También fue en la década de los 60, cuando debutó en la televisión con el film ” Mrs Miniver“. Su última aparición en el cine se produjo en el año 1991, con la película “Tú, yo y mamá”, una deliciosa comedia compartida con actores como John Candy o Anthony Quinn.

En el año 2004, publicó sus memorias donde confesaba que el único hombre que realmente la hizo feliz fue su tercer marido, un piloto comercial fundador de una empresa de hidroaviones, por el que Maureen llegó a abandonar su profesión, para dedicarse completamente a él. También contó lo aturdida y perdida que se sintió cuando éste falleció en el año 1978, cuando tan sólo llevaban diez años juntos, de un accidente de avión, y lo mucho que le costó superar esta pérdida. En la biografía mencionó varias veces a su amigo Jhon Wayne como una de las mejores personas que había conocido jamás: “Wayne fue realmente un verdadero hombre…denme un hombre como él”, o “He tenido el privilegio de conocer a tres grandes hombres en mi vida: A mi padre, a John Wayne y a Charles Blair”, este fue su último marido.

Hoy en día , a sus 91 años, echa la vista a atrás y se emociona por todo aquello que vivió, por toda aquella gente que conoció y que perdió en el camino de la vida,y se le empañan los ojos al recordarlo. Actualmente tantos años después de que Maureen maravillara con su estupendo físico a miles de personas, tantos años después de compartir aventuras trepidantes con el público, mucha gente se sigue acordando de ella como la actriz que mas se mereció el título de reina del tecnicolor.



5 comentarios

  1. De nuevo mi daltonismo me ha impedido apreciar su pelirroja cabellera. Hay na anécdota sobre ello: en una escena de “El hombre tránquilo” Maureen tenía que decir su diálogo en un día con fuerte viento, el pelo se le metía en la boca y le azotaba el rostro impidiéndole actuar. John Ford no dejaba de gritarle y ordenar repetir la toma una y otra vez hasta que Maureen gritó: “¡Es por el pelo, ¿pero qué sabrá de esto un hijoputa calvo como tú!” Se hizo un pesado silencio en el set hasta que Ford estalló en carcajadas.
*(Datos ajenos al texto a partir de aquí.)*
(* For any irrational number $\alpha \in \mathbb{R}\setminus\mathbb{Q}$, there are infinitely many fractions $\frac{P}{4Q}$, with $P$ an odd integer and $Q$ a positive integer, $P$ and $Q$ relatively prime, such that $$\left| \alpha - \frac{P}{4Q} \right| < \frac{1}{4Q^2}.$$ *)

theory Defs
  imports Complex_Main
begin

end

theory Submission
  imports Defs "HOL-Analysis.Elementary_Metric_Spaces"
begin

text \<open>
  Apply Dirichlet's theorem in its continued-fraction form to \<open>4\<alpha>\<close>: every convergent
  \<open>p\<^sub>n/q\<^sub>n\<close> of an irrational number is in lowest terms and satisfies
  \<open>\<bar>4\<alpha> - p\<^sub>n/q\<^sub>n\<bar> < 1/q\<^sub>n\<^sup>2\<close>, i.e. \<open>\<bar>\<alpha> - p\<^sub>n/(4q\<^sub>n)\<bar> < 1/(4q\<^sub>n\<^sup>2)\<close>.
  Since \<open>p\<^sub>n q\<^sub>n\<^sub>-\<^sub>1 - p\<^sub>n\<^sub>-\<^sub>1 q\<^sub>n = \<plusminus>1\<close>, two consecutive numerators are never both even,
  so infinitely many convergents have odd numerator; as \<open>q\<^sub>n \<rightarrow> \<infinity>\<close> they accumulate
  at the irrational \<open>\<alpha>\<close>, and a finite set of rationals cannot do that.
\<close>

fun cf_remainder :: "real \<Rightarrow> nat \<Rightarrow> real" where
  "cf_remainder x 0 = x"
| "cf_remainder x (Suc n) = 1 / frac (cf_remainder x n)"

declare cf_remainder.simps(2) [simp del]

definition cf_quotient :: "real \<Rightarrow> nat \<Rightarrow> int" where
  "cf_quotient x n = \<lfloor>cf_remainder x n\<rfloor>"

text \<open>Shifted by one: \<open>cf_num x (Suc n) / cf_denom x (Suc n)\<close> is the convergent
  \<open>p\<^sub>n/q\<^sub>n\<close>, and index \<open>0\<close> holds \<open>p\<^sub>-\<^sub>1 = 1\<close>, \<open>q\<^sub>-\<^sub>1 = 0\<close>.\<close>

fun cf_num :: "real \<Rightarrow> nat \<Rightarrow> int" where
  "cf_num x 0 = 1"
| "cf_num x (Suc 0) = cf_quotient x 0"
| "cf_num x (Suc (Suc n)) = cf_quotient x (Suc n) * cf_num x (Suc n) + cf_num x n"

fun cf_denom :: "real \<Rightarrow> nat \<Rightarrow> int" where
  "cf_denom x 0 = 0"
| "cf_denom x (Suc 0) = 1"
| "cf_denom x (Suc (Suc n)) = cf_quotient x (Suc n) * cf_denom x (Suc n) + cf_denom x n"

lemma frac_pos_if_irrational:
  fixes x :: real
  assumes "x \<notin> \<rat>"
  shows "frac x > 0"
  using assms Ints_subset_Rats by auto

lemma cf_remainder_irrational:
  assumes "x \<notin> \<rat>"
  shows "cf_remainder x n \<notin> \<rat>"
proof (induction n)
  case (Suc n)
  show ?case
  proof
    assume "cf_remainder x (Suc n) \<in> \<rat>"
    then have "1 / cf_remainder x (Suc n) \<in> \<rat>"
      by (simp add: Rats_divide)
    then have "frac (cf_remainder x n) \<in> \<rat>"
      by (simp add: cf_remainder.simps(2))
    then have "frac (cf_remainder x n) + of_int \<lfloor>cf_remainder x n\<rfloor> \<in> \<rat>"
      by (intro Rats_add) auto
    with Suc show False
      by (simp add: frac_def)
  qed
qed (use assms in simp)

lemma cf_remainder_Suc_gt_1:
  assumes "x \<notin> \<rat>"
  shows "cf_remainder x (Suc n) > 1"
  using frac_pos_if_irrational[OF cf_remainder_irrational[OF assms]] frac_lt_1
  by (simp add: cf_remainder.simps(2) less_divide_eq)

lemma cf_quotient_Suc_ge_1:
  assumes "x \<notin> \<rat>"
  shows "cf_quotient x (Suc n) \<ge> 1"
  using cf_remainder_Suc_gt_1[OF assms, of n] by (simp add: cf_quotient_def le_floor_iff)

lemma cf_remainder_expand:
  assumes "x \<notin> \<rat>"
  shows "cf_remainder x n = of_int (cf_quotient x n) + 1 / cf_remainder x (Suc n)"
  using frac_pos_if_irrational[OF cf_remainder_irrational[OF assms, of n]]
  by (simp add: cf_remainder.simps(2) cf_quotient_def frac_def)

lemma cf_denom_nonneg_mono:
  assumes "x \<notin> \<rat>"
  shows "0 \<le> cf_denom x n \<and> cf_denom x n \<le> cf_denom x (Suc n)"
proof (induction n)
  case (Suc n)
  have "cf_denom x (Suc n) \<le> cf_quotient x (Suc n) * cf_denom x (Suc n)"
    using Suc cf_quotient_Suc_ge_1[OF assms, of n] by (simp add: mult_le_cancel_right1)
  with Suc show ?case
    by simp
qed simp

lemma cf_denom_Suc_Suc_ge_add:
  assumes "x \<notin> \<rat>"
  shows "cf_denom x (Suc n) + cf_denom x n \<le> cf_denom x (Suc (Suc n))"
  using cf_denom_nonneg_mono[OF assms, of "Suc n"] cf_quotient_Suc_ge_1[OF assms, of n]
  by (simp add: mult_le_cancel_right1)

lemma cf_denom_Suc_ge_1:
  assumes "x \<notin> \<rat>"
  shows "1 \<le> cf_denom x (Suc n)"
proof (induction n)
  case (Suc n)
  then show ?case
    using cf_denom_Suc_Suc_ge_add[OF assms, of n] cf_denom_nonneg_mono[OF assms, of n] by linarith
qed simp

lemma cf_denom_Suc_ge:
  assumes "x \<notin> \<rat>"
  shows "int n \<le> cf_denom x (Suc n)"
proof (induction n)
  case (Suc n)
  have "int n + 1 \<le> cf_denom x (Suc n) + cf_denom x n"
    using Suc.IH cf_denom_Suc_ge_1[OF assms, of "n - 1"] by (cases n) simp_all
  then show ?case
    using cf_denom_Suc_Suc_ge_add[OF assms, of n] by simp
qed simp

lemma cf_det:
  "cf_num x (Suc n) * cf_denom x n - cf_num x n * cf_denom x (Suc n) = (-1) ^ Suc n"
  by (induction n) (simp_all add: algebra_simps)

lemma coprime_cf_num_cf_denom: "coprime (cf_num x n) (cf_denom x n)"
proof (cases n)
  case (Suc m)
  show ?thesis
  proof (rule coprimeI)
    fix c
    assume "c dvd cf_num x n" "c dvd cf_denom x n"
    then have "c dvd cf_num x (Suc m) * cf_denom x m - cf_num x m * cf_denom x (Suc m)"
      using Suc by simp
    then have "c dvd (-1) ^ Suc m"
      by (simp only: cf_det)
    then show "is_unit c"
      by (rule dvd_unit_imp_unit) simp
  qed
qed simp

lemma odd_cf_num_Suc_or_odd_cf_num: "odd (cf_num x (Suc n)) \<or> odd (cf_num x n)"
proof (rule ccontr)
  assume "\<not> ?thesis"
  then have "2 dvd cf_num x (Suc n) * cf_denom x n - cf_num x n * cf_denom x (Suc n)"
    by auto
  then show False
    by (simp only: cf_det) simp
qed

lemma cf_value:
  assumes "x \<notin> \<rat>"
  shows "x * (cf_denom x (Suc n) * cf_remainder x (Suc n) + cf_denom x n)
       = cf_num x (Suc n) * cf_remainder x (Suc n) + cf_num x n"
proof (induction n)
  case 0
  define y where "y = cf_remainder x (Suc 0)"
  define a where "a = real_of_int (cf_quotient x 0)"
  have "y \<noteq> 0"
    unfolding y_def using cf_remainder_Suc_gt_1[OF assms, of 0] by linarith
  moreover have "x = a + 1 / y"
    using cf_remainder_expand[OF assms, of 0] unfolding a_def y_def cf_remainder.simps(1) .
  ultimately have "x * y = a * y + 1"
    by (simp add: algebra_simps)
  then show ?case
    by (simp add: a_def y_def)
next
  case (Suc n)
  define y where "y = cf_remainder x (Suc (Suc n))"
  define a where "a = real_of_int (cf_quotient x (Suc n))"
  have y: "y \<noteq> 0"
    unfolding y_def using cf_remainder_Suc_gt_1[OF assms, of "Suc n"] by linarith
  have "x * (cf_denom x (Suc (Suc n)) * y + cf_denom x (Suc n))
      = y * (x * (cf_denom x (Suc n) * (a + 1 / y) + cf_denom x n))"
    using y by (simp add: a_def algebra_simps)
  also have "\<dots> = y * (cf_num x (Suc n) * (a + 1 / y) + cf_num x n)"
    using Suc cf_remainder_expand[OF assms, of "Suc n"] by (simp add: a_def y_def)
  also have "\<dots> = cf_num x (Suc (Suc n)) * y + cf_num x (Suc n)"
    using y by (simp add: a_def algebra_simps)
  finally show ?case
    unfolding y_def .
qed

lemma cf_approx:
  assumes "x \<notin> \<rat>"
  shows "\<bar>x - cf_num x (Suc n) / cf_denom x (Suc n)\<bar> < 1 / (cf_denom x (Suc n))\<^sup>2"
proof -
  define y where "y = cf_remainder x (Suc n)"
  define p' where "p' = real_of_int (cf_num x (Suc n))"
  define p where "p = real_of_int (cf_num x n)"
  define q' where "q' = real_of_int (cf_denom x (Suc n))"
  define q where "q = real_of_int (cf_denom x n)"
  have "y > 1"
    unfolding y_def using cf_remainder_Suc_gt_1[OF assms] .
  have "q \<ge> 0" "q' \<ge> 1"
    unfolding q_def q'_def using cf_denom_nonneg_mono[OF assms] cf_denom_Suc_ge_1[OF assms] by auto
  have expansion: "x * (q' * y + q) = p' * y + p"
    unfolding y_def p'_def p_def q'_def q_def using cf_value[OF assms] .
  have det: "p' * q - p * q' = (-1) ^ Suc n"
    unfolding p'_def p_def q'_def q_def using arg_cong[OF cf_det, of real_of_int] by simp
  have "q' < q' * y + q"
    using \<open>y > 1\<close> \<open>q \<ge> 0\<close> \<open>q' \<ge> 1\<close> by (smt (verit) mult_less_cancel_left1)
  have "(x * q' - p') * (q' * y + q) = q' * (x * (q' * y + q)) - p' * (q' * y + q)"
    by (simp add: algebra_simps)
  also have "\<dots> = (-1) ^ n"
    using det unfolding expansion by (simp add: algebra_simps)
  finally have "\<bar>(x * q' - p') * (q' * y + q)\<bar> = 1"
    by simp
  then have "\<bar>x * q' - p'\<bar> = 1 / (q' * y + q)"
    using \<open>q' < q' * y + q\<close> \<open>q' \<ge> 1\<close> by (simp add: abs_mult eq_divide_eq)
  also have "\<dots> < 1 / q'"
    using \<open>q' < q' * y + q\<close> \<open>q' \<ge> 1\<close> by (intro divide_strict_left_mono) auto
  finally have "\<bar>x * q' - p'\<bar> / q' < 1 / q' / q'"
    using \<open>q' \<ge> 1\<close> by (intro divide_strict_right_mono) auto
  moreover have "\<bar>x - p' / q'\<bar> = \<bar>x * q' - p'\<bar> / q'"
    using \<open>q' \<ge> 1\<close> by (simp add: field_simps)
  ultimately show ?thesis
    unfolding p'_def q'_def by (simp add: power2_eq_square)
qed

lemma exists_odd_coprime_approx:
  fixes x :: real
  assumes "x \<notin> \<rat>"
  shows "\<exists>P Q. odd P \<and> 0 < Q \<and> coprime P Q \<and> int m \<le> Q \<and>
           \<bar>x - of_int P / of_int Q\<bar> < 1 / (of_int Q)\<^sup>2"
proof -
  have convergent: "odd (cf_num x (Suc k)) \<Longrightarrow> \<exists>P Q. odd P \<and> 0 < Q \<and> coprime P Q \<and>
      int m \<le> Q \<and> \<bar>x - of_int P / of_int Q\<bar> < 1 / (of_int Q)\<^sup>2" if "m \<le> k" for k
  proof -
    have "int m \<le> cf_denom x (Suc k)"
      using cf_denom_Suc_ge[OF assms, of k] that by linarith
    with cf_denom_Suc_ge_1[OF assms, of k] coprime_cf_num_cf_denom cf_approx[OF assms, of k]
    show "odd (cf_num x (Suc k)) \<Longrightarrow> ?thesis"
      by (intro exI[of _ "cf_num x (Suc k)"] exI[of _ "cf_denom x (Suc k)"]) auto
  qed
  from odd_cf_num_Suc_or_odd_cf_num[of x "Suc m"] show ?thesis
    using convergent[of m] convergent[of "Suc m"] by auto
qed

lemma exists_odd_coprime_quarter_approx:
  fixes \<alpha> \<epsilon> :: real
  assumes "\<alpha> \<notin> \<rat>" and "\<epsilon> > 0"
  shows "\<exists>P Q. odd P \<and> 0 < Q \<and> coprime P Q \<and>
           \<bar>\<alpha> - of_int P / (4 * of_int Q)\<bar> < 1 / (4 * (of_int Q)\<^sup>2) \<and>
           1 / (4 * (of_int Q)\<^sup>2) < \<epsilon>"
proof -
  obtain m :: nat where "0 < m" "1 / real m < \<epsilon>"
    using \<open>\<epsilon> > 0\<close> by (metis ex_inverse_of_nat_less inverse_eq_divide)
  have "4 * \<alpha> \<notin> \<rat>"
    using assms by (simp add: Rats_mult_iff)
  then obtain P Q where PQ: "odd P" "0 < Q" "coprime P Q" "int m \<le> Q"
    and approx: "\<bar>4 * \<alpha> - of_int P / of_int Q\<bar> < 1 / (of_int Q)\<^sup>2"
    using exists_odd_coprime_approx by blast
  have "4 * \<alpha> - of_int P / of_int Q = 4 * (\<alpha> - of_int P / (4 * of_int Q))"
    using \<open>0 < Q\<close> by (simp add: field_simps)
  then have "\<bar>\<alpha> - of_int P / (4 * of_int Q)\<bar> = \<bar>4 * \<alpha> - of_int P / of_int Q\<bar> / 4"
    by (simp only: abs_mult) simp
  also have "\<dots> < 1 / (4 * (of_int Q)\<^sup>2)"
    using approx by simp
  finally have close: "\<bar>\<alpha> - of_int P / (4 * of_int Q)\<bar> < 1 / (4 * (of_int Q)\<^sup>2)" .
  have "real m \<le> of_int Q"
    using \<open>int m \<le> Q\<close> by linarith
  moreover have "of_int Q \<le> (real_of_int Q)\<^sup>2"
    using \<open>0 < Q\<close> power_increasing[of 1 2 "real_of_int Q"] by simp
  ultimately have "real m \<le> 4 * (real_of_int Q)\<^sup>2"
    using \<open>0 < m\<close> by linarith
  then have "1 / (4 * (real_of_int Q)\<^sup>2) \<le> 1 / real m"
    using \<open>0 < m\<close> by (intro frac_le) auto
  with PQ close \<open>1 / real m < \<epsilon>\<close> show ?thesis
    by (metis order.strict_trans1)
qed

theorem corollary1:
  fixes \<alpha> :: real
  assumes "\<alpha> \<notin> \<rat>"
  shows "infinite {real_of_int P / (4 * real_of_int Q) | P Q :: int.
            odd P \<and> Q > 0 \<and> coprime P Q \<and>
            \<bar>\<alpha> - real_of_int P / (4 * real_of_int Q)\<bar> < 1 / (4 * (real_of_int Q)\<^sup>2)}"
    (is "infinite ?S")
proof -
  have "\<alpha> islimpt ?S"
    unfolding islimpt_approachable_real
  proof (intro allI impI)
    fix \<epsilon> :: real
    assume "\<epsilon> > 0"
    then obtain P Q where PQ: "odd P" "0 < Q" "coprime P Q"
      and close: "\<bar>\<alpha> - of_int P / (4 * of_int Q)\<bar> < 1 / (4 * (of_int Q)\<^sup>2)"
      and small: "1 / (4 * (of_int Q)\<^sup>2) < \<epsilon>"
      using exists_odd_coprime_quarter_approx[OF assms] by blast
    have "of_int P / (4 * of_int Q) \<in> ?S"
      using PQ close by blast
    moreover have "of_int P / (4 * of_int Q) \<noteq> \<alpha>"
      using assms Rats_divide[OF Rats_of_int Rats_mult[OF Rats_number_of Rats_of_int]] by metis
    moreover have "\<bar>of_int P / (4 * of_int Q) - \<alpha>\<bar> < \<epsilon>"
      using close small by (simp only: abs_minus_commute)
    ultimately show "\<exists>v\<in>?S. v \<noteq> \<alpha> \<and> \<bar>v - \<alpha>\<bar> < \<epsilon>"
      by blast
  qed
  then show ?thesis
    using islimpt_finite by blast
qed

end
Una mujer de caracter dentro y fuera de la pantalla. Besos. Borgo.

    23 noviembre, 2011 en 14:09

    • Hola Borgo! Si que me sabe mal…ahora que lo pienso….entonces tampoco podrias apreciar la mia pues mi pelo es cobrizo de naturaleza. Si, tengo entendido por lo que he leído sobre ella que su carácter amedentraba a cualquiera, fijate que hasta el mismisimo Ford se lo tuvo que tomar a risa, aunque creo que eran grandes amigos y eso también cuenta,yo por lo menos tengo amigos algo bestias que a veces te sorprenden con costestaciones un poco ariscas, pero en el fondo sabes que son más buena gente que otros con más… ¿hipocresía? Besos y gracias por pasarte por aquí.

      23 noviembre, 2011 en 17:03

  2. Alberto Jhovan Martinez

    Que bonita biografia de una mujer tan hermosa!!!!!!! Gracias

    29 noviembre, 2011 en 03:31

    • Como siempre: gracias a usted por su visita. Me agrada verlo por aquí. Besos

      29 noviembre, 2011 en 08:20

  3. Hola Maravi! vaya pelírroja, qué guapa era también eh? yo la recuerdo excasamente en la película de Simbad el Marino, pero ahora que veo algunas escenas, me quieren sonar de haberlas visto, aunque no lo recuerdo exactamente. Es cierto que mantuvo un filing especial con John Wayne, y es que en cada imagen que aparecen juntos, hasta se quiere hacer notar jeje. Hacían una magnífica pareja y estaban muy compenetrados, segun dicen…Una gran actriz que supo estar a la altura siempre. Jo, para una que encuentra un amor duradero, qué mala suerte tuvo en perderlo tan pronto.
    Como siempre, un placer leer estas “maravillas” (y nunca mejor dicho jaja 🙂 )
    Un abrazo grande y muchos besitos de oro siempre para tí cielito! muak!!!